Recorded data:
text \<open>Coxeter length in S_n = number of inversions.\<close>
definition len :: "nat \<Rightarrow> (nat \<Rightarrow> nat) \<Rightarrow> nat" where
  "len n w = card {(i, j). 1 \<le> i \<and> i < j \<and> j \<le> n \<and> w j < w i}"

definition bruhat_edge :: "nat \<Rightarrow> (nat \<Rightarrow> nat) \<Rightarrow> (nat \<Rightarrow> nat) \<Rightarrow> (nat \<Rightarrow> nat) \<Rightarrow> bool" where
  "bruhat_edge n x t y \<longleftrightarrow> x \<in> Sn n \<and> t \<in> refls n \<and> y = t \<circ> x \<and> len n x < len n y"

definition reflection_order :: "nat \<Rightarrow> ((nat \<Rightarrow> nat) \<times> (nat \<Rightarrow> nat)) set \<Rightarrow> bool" where
  "reflection_order n R \<longleftrightarrow>
     R \<subseteq> refls n \<times> refls n \<and> strict_linear_order_on (refls n) R \<and>
     (\<forall>a b c. 1 \<le> a \<and> a < b \<and> b < c \<and> c \<le> n \<longrightarrow>
        ((transpose a b, transpose a c) \<in> R \<and> (transpose a c, transpose b c) \<in> R) \<or>
        ((transpose b c, transpose a c) \<in> R \<and> (transpose a c, transpose a b) \<in> R))"

end

theory Submission
  imports Defs
begin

### WHAT NEEDS TO BE DONE
Your task is to set down exactly the lines from the line containing "(\<forall>a b c." to the end of the data above, including both ends.

### EXPECTED OUTPUT
     (\<forall>a b c. 1 \<le> a \<and> a < b \<and> b < c \<and> c \<le> n \<longrightarrow>
        ((transpose a b, transpose a c) \<in> R \<and> (transpose a c, transpose b c) \<in> R) \<or>
        ((transpose b c, transpose a c) \<in> R \<and> (transpose a c, transpose a b) \<in> R))"

end

theory Submission
  imports Defs
begin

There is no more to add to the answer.